**Task directions:**
Filter the records, keeping every line that has the string "assumes".

**The records:**
(* In the setting below, for every $a\in A$ the map $f_a:X\to T_a$ is roughly Lipschitz: there are constants $\Lambda>0$, $\sigma\ge0$ such that $|f_a(x)f_a(x')|\le\Lambda|xx'|+\sigma$ for all $x,x'\in X$.
   Context: Setting: $Z$ is a bounded metric space with $\operatorname{diam}Z>0$, $\mu=\pi/\operatorname{diam}Z$, $A$ a set with $|A|=n+1$, and $\delta,\gamma\in(0,1)$, $\lambda\ge1$, $r\in(0,1)$ sufficiently small with $\lambda r<\delta$, $r<\operatorname{diam}Z$. $(\mathcal U_j)_{j\in\mathbb N}$ is a $\gamma$-separated characteristic sequence of open coverings of $Z$, each colored by $A$, $\mathcal U_j=\bigcup_{a\in A}\mathcal U_j^a$, with parameter $r$ and characteristic constants $\delta,\lambda$; that is: each $\mathcal U_j^a$ consists of pairwise disjoint open sets; (1) $\sup_{U\in\mathcal U_j}\operatorname{diam}U\le r^j$ and every ball of radius $\delta r^j$ in $Z$ is contained in some member of $\mathcal U_j$; (2) for every $a,j$ and $z\in Z$ there is $U\in\mathcal U_j^a$ with $\operatorname{dist}(z,U)\le\lambda r^j$; (3) for every $a$ and distinct $U\in\mathcal U_j^a$, $U'\in\mathcal U_{j'}^a$ with $j'\le j$, either $B_s(U)\cap U'=\emptyset$ or $B_s(U)\subset U'$, and if $j'<j$ there is $U''\in\mathcal U_j^a$ with $B_s(U'')\subset U'$, where $s=\gamma r^j$ and $B_s(U)=\{z:\operatorname{dist}(z,U)<s\}$. Trees: put $\mathcal U_0^a=\{Z\}$. $T_a$ is the tree (edges of length $1$, path metric) with vertex set $V^a=\bigsqcup_{j\ge0}V_j^a$, where $V_j^a$ is in bijection with $\mathcal U_j^a$ (root $v_a$ corresponds to $Z$); $v\in V_j^a$, $v'\in V_{j'}^a$, $j'<j$, are joined by an edge iff the corresponding sets satisfy $U\subset U'$ and $j'$ is the maximal level $<j$ for which some member of $\mathcal U_{j'}^a$ contains $U$. Cone: $\operatorname{Co}(Z)=Z\times[0,\infty)/Z\times\{0\}$ with vertex $o$ and metric $|xx'|$ for $x=(z,t),x'=(z',t')$ equal to the length of the side $\bar x\bar x'$ of a triangle in $\mathrm H^2$ with sides $t,t'$ from $\bar o$ enclosing angle $\mu|zz'|$. Let $R=\ln(1/r)$, $Z_j=\{(z,jR):z\in Z\}$ for $j\ge1$, $Z_0=\{o\}$, $X=\bigcup_{j\ge0}Z_j$. Define $f_a:X\to T_a$ by $f_a(o)=v_a$ and, for $x=(z,jR)$, $j\ge1$, $f_a(x)$ is the vertex of $V_j^a$ corresponding to a (fixed choice of) member $U\in\mathcal U_j^a$ closest to $z$, i.e. minimizing $\operatorname{dist}(z,U)$. *)

theory Defs
  imports "HOL-Analysis.Analysis"
begin

definition nbhd :: "'z::metric_space set \<Rightarrow> real \<Rightarrow> 'z set \<Rightarrow> 'z set" where
  "nbhd Z s U = {z \<in> Z. infdist z U < s}"

text \<open>Levels are j = 1, 2, ...;
  Cov j a is the family of members of colour a at level j.\<close>
definition char_seq ::
  "'z::metric_space set \<Rightarrow> 'c set \<Rightarrow> (nat \<Rightarrow> 'c \<Rightarrow> 'z set set) \<Rightarrow> real \<Rightarrow> real \<Rightarrow> real \<Rightarrow> real \<Rightarrow> bool" where
  "char_seq Z A Cov r \<delta> lam \<gamma> \<longleftrightarrow>
     (\<forall>j\<ge>1. \<forall>a\<in>A.
        (\<forall>U\<in>Cov j a. openin (top_of_set Z) U \<and> U \<noteq> {}) \<and> pairwise disjnt (Cov j a)) \<and>
     (\<forall>j\<ge>1. \<Union>(\<Union>a\<in>A. Cov j a) = Z) \<and>
     (\<forall>j\<ge>1. (\<forall>a\<in>A. \<forall>U\<in>Cov j a. diameter U \<le> r ^ j) \<and>
        (\<forall>z\<in>Z. \<exists>a\<in>A. \<exists>U\<in>Cov j a. ball z (\<delta> * r ^ j) \<inter> Z \<subseteq> U)) \<and>
     (\<forall>a\<in>A. \<forall>j\<ge>1. \<forall>z\<in>Z. \<exists>U\<in>Cov j a. infdist z U \<le> lam * r ^ j) \<and>
     (\<forall>a\<in>A. \<forall>j j'. 1 \<le> j' \<and> j' \<le> j \<longrightarrow>
        (\<forall>U\<in>Cov j a. \<forall>U'\<in>Cov j' a. (j' < j \<or> U \<noteq> U') \<longrightarrow>
            nbhd Z (\<gamma> * r ^ j) U \<inter> U' = {} \<or> nbhd Z (\<gamma> * r ^ j) U \<subseteq> U') \<and>
        (j' < j \<longrightarrow> (\<forall>U'\<in>Cov j' a. \<exists>U''\<in>Cov j a. nbhd Z (\<gamma> * r ^ j) U'' \<subseteq> U')))"

definition CovE :: "'z set \<Rightarrow> (nat \<Rightarrow> 'c \<Rightarrow> 'z set set) \<Rightarrow> nat \<Rightarrow> 'c \<Rightarrow> 'z set set" where
  "CovE Z Cov j a = (if j = 0 then {Z} else Cov j a)"

definition tree_V :: "'z set \<Rightarrow> (nat \<Rightarrow> 'c \<Rightarrow> 'z set set) \<Rightarrow> 'c \<Rightarrow> (nat \<times> 'z set) set" where
  "tree_V Z Cov a = {(j, U). U \<in> CovE Z Cov j a}"

definition down_edge :: "'z set \<Rightarrow> (nat \<Rightarrow> 'c \<Rightarrow> 'z set set) \<Rightarrow> 'c \<Rightarrow> nat \<times> 'z set \<Rightarrow> nat \<times> 'z set \<Rightarrow> bool" where
  "down_edge Z Cov a v v' \<longleftrightarrow>
     v \<in> tree_V Z Cov a \<and> v' \<in> tree_V Z Cov a \<and>
     fst v' < fst v \<and> snd v \<subseteq> snd v' \<and>
     (\<forall>k. fst v' < k \<and> k < fst v \<longrightarrow> \<not> (\<exists>W\<in>CovE Z Cov k a. snd v \<subseteq> W))"

definition tree_edge :: "'z set \<Rightarrow> (nat \<Rightarrow> 'c \<Rightarrow> 'z set set) \<Rightarrow> 'c \<Rightarrow> nat \<times> 'z set \<Rightarrow> nat \<times> 'z set \<Rightarrow> bool" where
  "tree_edge Z Cov a v w \<longleftrightarrow> down_edge Z Cov a v w \<or> down_edge Z Cov a w v"
lemma tendsto_unique_argmin:
  fixes Y :: "'a::metric_space \<Rightarrow> real"
  assumes "compact F" and "continuous_on F Y" and "xhat \<in> F"
    and unique_min: "\<And>x. x \<in> F \<Longrightarrow> x \<noteq> xhat \<Longrightarrow> Y xhat < Y x"
    and z: "\<And>i. z i \<in> F" and near_min: "\<And>i. Y (z i) \<le> Y xhat + e i" and "e \<longlonglongrightarrow> 0"
  shows "z \<longlonglongrightarrow> xhat"
proof (rule metric_LIMSEQ_I)
  fix \<epsilon> :: real assume "0 < \<epsilon>"
  define A where "A = F \<inter> {x. \<epsilon> \<le> dist x xhat}"
  show "\<exists>n0. \<forall>n\<ge>n0. dist (z n) xhat < \<epsilon>"
  proof (cases "A = {}")
    case True
    then have "dist (z n) xhat < \<epsilon>" for n
      using z[of n] unfolding A_def by (metis IntI empty_iff mem_Collect_eq not_le)
    then show ?thesis by blast
  next
    case False
    have "compact A" unfolding A_def
      using \<open>compact F\<close> by (intro compact_Int_closed closed_Collect_le continuous_intros)
    moreover have "continuous_on A Y"
      using assms(2) by (rule continuous_on_subset) (auto simp: A_def)
    ultimately obtain a where a: "a \<in> A" "\<And>x. x \<in> A \<Longrightarrow> Y a \<le> Y x"
      using continuous_attains_inf[OF _ False] by blast
    have "Y xhat < Y a"
      using a(1) \<open>0 < \<epsilon>\<close> by (intro unique_min) (auto simp: A_def)
    then obtain n0 where n0: "\<And>n. n \<ge> n0 \<Longrightarrow> e n < Y a - Y xhat"
      using LIMSEQ_D[OF \<open>e \<longlonglongrightarrow> 0\<close>, of "Y a - Y xhat"] by (force simp: abs_less_iff)
    have "dist (z n) xhat < \<epsilon>" if "n \<ge> n0" for n
    proof (rule ccontr)
      assume "\<not> dist (z n) xhat < \<epsilon>"
      then have "Y a \<le> Y (z n)" using z by (intro a(2)) (auto simp: A_def)
      then show False using near_min[of n] n0[OF that] by linarith
    qed
    then show ?thesis by blast
  qed
qed

lemma drbg_choice_tendsto_rbg_choice:
  assumes K: "0 \<le> K" and G: "0 \<le> G"
    and c_nonneg: "\<And>t x. x \<in> {xL..xH} \<Longrightarrow> 0 \<le> c t x"
    and c_lipschitz: "\<And>t x y. x \<in> {xL..xH} \<Longrightarrow> y \<in> {xL..xH} \<Longrightarrow> \<bar>c t x - c t y\<bar> \<le> G * \<bar>x - y\<bar>"
    and "xL < xH" and m: "\<And>i. 2 \<le> m i" and spacing: "(\<lambda>i. grid_spacing xL xH (m i)) \<longlonglongrightarrow> 0"
    and xs: "\<And>i. rbg_choice (\<lambda>z. K * \<bar>z\<bar>) c (grid xL xH (m i)) r t (xs i)"
    and xhat: "rbg_choice (\<lambda>z. K * \<bar>z\<bar>) c {xL..xH} r t xhat"
    and unique: "\<And>x. rbg_choice (\<lambda>z. K * \<bar>z\<bar>) c {xL..xH} r t x \<Longrightarrow> x = xhat"
  shows "xs \<longlonglongrightarrow> xhat"
proof (rule tendsto_unique_argmin)
  let ?Y = "\<lambda>x. work (\<lambda>z. K * \<bar>z\<bar>) c {xL..xH} (t - 1) x + r * (K * \<bar>x\<bar>)"
  let ?C = "2 * (real (t - 1) * (2*K + G)) + (1 + \<bar>r\<bar>) * K"
  show "continuous_on {xL..xH} ?Y"
    using work_continuous_on[where c=c and S="{xL..xH}", OF K c_nonneg] \<open>xL < xH\<close>
    by (auto intro!: continuous_intros)
  show "xhat \<in> {xL..xH}" using xhat unfolding rbg_choice_def by blast
  show "?Y xhat < ?Y x" if "x \<in> {xL..xH}" "x \<noteq> xhat" for x
  proof (rule ccontr)
    assume "\<not> ?Y xhat < ?Y x"
    then have "rbg_choice (\<lambda>z. K * \<bar>z\<bar>) c {xL..xH} r t x"
      using xhat that(1) unfolding rbg_choice_def by fastforce
    then show False using unique that(2) by blast
  qed
  have grid: "grid xL xH (m i) \<subseteq> {xL..xH}" for i
    using grid_subset[OF less_imp_le[OF \<open>xL < xH\<close>] m] .
  show "xs i \<in> {xL..xH}" for i
    using xs[of i] grid unfolding rbg_choice_def by blast
  show "?Y (xs i) \<le> ?Y xhat + ?C * grid_spacing xL xH (m i)" for i
    by (rule rbg_choice_dense_subset_near_optimal[OF K G c_nonneg c_lipschitz grid
          grid_dense[OF \<open>xL < xH\<close> m] xs \<open>xhat \<in> {xL..xH}\<close>])
  show "(\<lambda>i. ?C * grid_spacing xL xH (m i)) \<longlonglongrightarrow> 0"
    using tendsto_mult_right_zero[OF spacing] by simp
qed (fact compact_Icc)
definition J0 :: "(real \<Rightarrow> real) \<Rightarrow> real \<Rightarrow> real" where
  "J0 \<rho> p = 1 / (2 * \<rho> p) * (1 - exp (- Gam \<rho> p)) * H0 \<rho> p
     - 3 / \<rho> p * integral {0..p} (\<lambda>q. exp (- Gam \<rho> q) * (1 / (\<rho> q + q)) * H0 \<rho> q)"

definition I0 :: "(real \<Rightarrow> real) \<Rightarrow> real \<Rightarrow> real" where
  "I0 \<rho> p = 1 - exp (- Gam \<rho> p) - 6 * exp (- Gam \<rho> p) * p / \<rho> p"

definition I1 :: "(real \<Rightarrow> real) \<Rightarrow> real \<Rightarrow> real" where
  "I1 \<rho> p = 6 * exp (- Gam \<rho> p) * p / (\<rho> p)^2 * deriv \<rho> p
     - 5 * exp (- Gam \<rho> p) / (\<rho> p + p)"

definition piecewise_C0 :: "real \<Rightarrow> (real \<Rightarrow> real) \<Rightarrow> bool" where
  "piecewise_C0 pmax \<rho> \<longleftrightarrow> (\<exists>S. finite S \<and> continuous_on ({0..pmax} - S) \<rho> \<and>
     (\<forall>x\<in>S. (0 < x \<longrightarrow> (\<exists>l. (\<rho> \<longlongrightarrow> l) (at_left x))) \<and>
             (x < pmax \<longrightarrow> (\<exists>l. (\<rho> \<longlongrightarrow> l) (at_right x)))))"

definition eos :: "real \<Rightarrow> (real \<Rightarrow> real) \<Rightarrow> bool" where
  "eos pmax \<rho> \<longleftrightarrow> 0 < pmax \<and> (\<forall>p\<in>{0..pmax}. 0 < \<rho> p) \<and> piecewise_C0 pmax \<rho> \<and>
     (\<lambda>q. 1 / (\<rho> q + q)) integrable_on {0..pmax} \<and>
     (\<exists>L. ((\<lambda>p. p / \<rho> p) \<longlongrightarrow> L) (at_right 0))"

definition eos1 :: "real \<Rightarrow> (real \<Rightarrow> real) \<Rightarrow> bool" where
  "eos1 pmax \<rho> \<longleftrightarrow> eos pmax \<rho> \<and> \<rho> piecewise_C1_differentiable_on {0..pmax}"
section \<open>Congruences modulo integer lattices\<close>

definition lattice_cong2 :: "int \<Rightarrow> int \<Rightarrow> int \<Rightarrow> int \<Rightarrow> int \<times> int \<Rightarrow> int \<times> int \<Rightarrow> bool" where
  "lattice_cong2 p q r w u v \<longleftrightarrow>
     (\<exists>n1 n2. fst u - fst v = p * n1 + q * n2 \<and> snd u - snd v = r * n1 + w * n2)"

lemma equivp_lattice_cong2: "equivp (lattice_cong2 p q r w)"
proof (rule equivpI)
  show "reflp (lattice_cong2 p q r w)"
    unfolding reflp_def lattice_cong2_def by (intro allI exI[of _ 0]) simp
  show "symp (lattice_cong2 p q r w)"
    unfolding symp_def lattice_cong2_def
    by (metis minus_diff_eq mult_minus_right minus_add_distrib)
  show "transp (lattice_cong2 p q r w)"
    unfolding transp_def lattice_cong2_def
  proof (intro allI impI, elim exE conjE)
    fix u v x :: "int \<times> int" and n1 n2 k1 k2
    assume H: "fst u - fst v = p * n1 + q * n2" "snd u - snd v = r * n1 + w * n2"
      "fst v - fst x = p * k1 + q * k2" "snd v - snd x = r * k1 + w * k2"
    show "\<exists>n1 n2. fst u - fst x = p * n1 + q * n2 \<and> snd u - snd x = r * n1 + w * n2"
      by (rule exI[of _ "n1 + k1"], rule exI[of _ "n2 + k2"]) (use H in \<open>simp add: algebra_simps\<close>)
  qed
qed

lemma exists_residue_abs:
  fixes d v :: int assumes "d \<noteq> 0"
  shows "\<exists>k. 0 \<le> v - k * d \<and> v - k * d < \<bar>d\<bar>"
proof (cases "d > 0")
  case True
  then show ?thesis
    by (intro exI[of _ "v div d"]) (metis abs_of_pos minus_div_mult_eq_mod pos_mod_bound pos_mod_sign)
next
  case False
  then have "-d > 0" using assms by auto
  then show ?thesis
    by (intro exI[of _ "- (v div (-d))"])
      (metis abs_of_neg False assms linorder_neqE_linordered_idom minus_div_mult_eq_mod
        mult_minus_left mult_minus_right pos_mod_bound pos_mod_sign)
qed

lemma abs_mult_less_abs_imp_zero:
  fixes k d :: int assumes "\<bar>k * d\<bar> < \<bar>d\<bar>" shows "k = 0"
proof (rule ccontr)
  assume "k \<noteq> 0"
  then have "1 \<le> \<bar>k\<bar>" by auto
  then have "\<bar>d\<bar> \<le> \<bar>k\<bar> * \<bar>d\<bar>" by (simp add: mult_le_cancel_right1)
  then show False using assms by (simp add: abs_mult)
qed

lemma det2_mult_eq_0:
  fixes \<alpha> \<beta> \<gamma> \<delta> x y :: int
  assumes "\<alpha> * x + \<beta> * y = 0" "\<gamma> * x + \<delta> * y = 0"
  shows "(\<alpha> * \<delta> - \<beta> * \<gamma>) * y = 0"
proof -
  have "(\<alpha> * \<delta> - \<beta> * \<gamma>) * y = \<alpha> * (\<gamma> * x + \<delta> * y) - \<gamma> * (\<alpha> * x + \<beta> * y)"
    by (simp add: algebra_simps)
  then show ?thesis using assms by simp
qed

lemma box_transversal:
  fixes g h e :: int
  assumes g: "g \<noteq> 0" and e: "e \<noteq> 0"
  shows "transversal (\<lambda>v v'. \<exists>k l. fst v - fst v' = k * g \<and> snd v - snd v' = k * h + l * e)
           ({0..<\<bar>g\<bar>} \<times> {0..<\<bar>e\<bar>})"
  unfolding transversal_def
proof (intro conjI allI ballI impI)
  fix v :: "int \<times> int"
  obtain k where k: "0 \<le> fst v - k * g" "fst v - k * g < \<bar>g\<bar>"
    using exists_residue_abs[OF g] by blast
  obtain l where l: "0 \<le> snd v - k * h - l * e" "snd v - k * h - l * e < \<bar>e\<bar>"
    using exists_residue_abs[OF e] by fastforce
  show "\<exists>u\<in>{0..<\<bar>g\<bar>} \<times> {0..<\<bar>e\<bar>}.
      \<exists>k l. fst v - fst u = k * g \<and> snd v - snd u = k * h + l * e"
  proof (rule bexI[of _ "(fst v - k * g, snd v - k * h - l * e)"])
    show "(fst v - k * g, snd v - k * h - l * e) \<in> {0..<\<bar>g\<bar>} \<times> {0..<\<bar>e\<bar>}" using k l by auto
    show "\<exists>k' l'. fst v - fst (fst v - k * g, snd v - k * h - l * e) = k' * g \<and>
        snd v - snd (fst v - k * g, snd v - k * h - l * e) = k' * h + l' * e"
      by (rule exI[of _ k], rule exI[of _ l]) simp
  qed
next
  fix u v assume box: "u \<in> {0..<\<bar>g\<bar>} \<times> {0..<\<bar>e\<bar>}" "v \<in> {0..<\<bar>g\<bar>} \<times> {0..<\<bar>e\<bar>}"
    and "\<exists>k l. fst u - fst v = k * g \<and> snd u - snd v = k * h + l * e"
  then obtain k l where kl: "fst u - fst v = k * g" "snd u - snd v = k * h + l * e" by blast
  have "\<bar>k * g\<bar> < \<bar>g\<bar>" using box kl(1) by auto
  then have k0: "k = 0" by (rule abs_mult_less_abs_imp_zero)
  have "\<bar>l * e\<bar> < \<bar>e\<bar>" using box kl(2) k0 by auto
  then have "l = 0" by (rule abs_mult_less_abs_imp_zero)
  then show "u = v" using kl k0 by (simp add: prod_eq_iff)
qed

text \<open>
  With \<open>g = x p + y q\<close>, \<open>p = p' g\<close> and \<open>q = q' g\<close> the lattice is spanned by
  \<open>(g, r x + w y)\<close> and \<open>(0, w p' - r q')\<close>: its Hermite normal form.
\<close>
lemma lattice_cong2_hermite_iff:
  assumes xy: "x * p + y * q = g" and p': "p = p' * g" and q': "q = q' * g" and g: "g \<noteq> 0"
  shows "lattice_cong2 p q r w v v' \<longleftrightarrow>
    (\<exists>k l. fst v - fst v' = k * g \<and> snd v - snd v' = k * (r * x + w * y) + l * (w * p' - r * q'))"
proof
  have one: "p' * x + q' * y = 1"
  proof -
    have "g * (p' * x + q' * y) = g * 1" using xy p' q' by (simp add: algebra_simps)
    then show ?thesis using g by simp
  qed
  assume "lattice_cong2 p q r w v v'"
  then obtain n1 n2 where n: "fst v - fst v' = p * n1 + q * n2" "snd v - snd v' = r * n1 + w * n2"
    unfolding lattice_cong2_def by auto
  have "(p' * n1 + q' * n2) * (r * x + w * y) + (- y * n1 + x * n2) * (w * p' - r * q')
      = (r * n1 + w * n2) * (p' * x + q' * y)" by (simp add: algebra_simps)
  then have "snd v - snd v' = (p' * n1 + q' * n2) * (r * x + w * y) + (- y * n1 + x * n2) * (w * p' - r * q')"
    using one n by simp
  moreover have "fst v - fst v' = (p' * n1 + q' * n2) * g" using n p' q' by (simp add: algebra_simps)
  ultimately show "\<exists>k l. fst v - fst v' = k * g \<and>
      snd v - snd v' = k * (r * x + w * y) + l * (w * p' - r * q')" by blast
next
  assume "\<exists>k l. fst v - fst v' = k * g \<and> snd v - snd v' = k * (r * x + w * y) + l * (w * p' - r * q')"
  then obtain k l where kl: "fst v - fst v' = k * g"
    "snd v - snd v' = k * (r * x + w * y) + l * (w * p' - r * q')" by auto
  have "p * (k * x - l * q') + q * (k * y + l * p') = k * (x * p + y * q)"
    unfolding p' q' by (simp add: algebra_simps)
  then have "fst v - fst v' = p * (k * x - l * q') + q * (k * y + l * p')" using kl xy by simp
  moreover have "snd v - snd v' = r * (k * x - l * q') + w * (k * y + l * p')"
    using kl by (simp add: algebra_simps)
  ultimately show "lattice_cong2 p q r w v v'" unfolding lattice_cong2_def by blast
qed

**Exercise output:**
  assumes "compact F" and "continuous_on F Y" and "xhat \<in> F"
  assumes K: "0 \<le> K" and G: "0 \<le> G"
  fixes d v :: int assumes "d \<noteq> 0"
  fixes k d :: int assumes "\<bar>k * d\<bar> < \<bar>d\<bar>" shows "k = 0"
  assumes "\<alpha> * x + \<beta> * y = 0" "\<gamma> * x + \<delta> * y = 0"
  assumes g: "g \<noteq> 0" and e: "e \<noteq> 0"
  assumes xy: "x * p + y * q = g" and p': "p = p' * g" and q': "q = q' * g" and g: "g \<noteq> 0"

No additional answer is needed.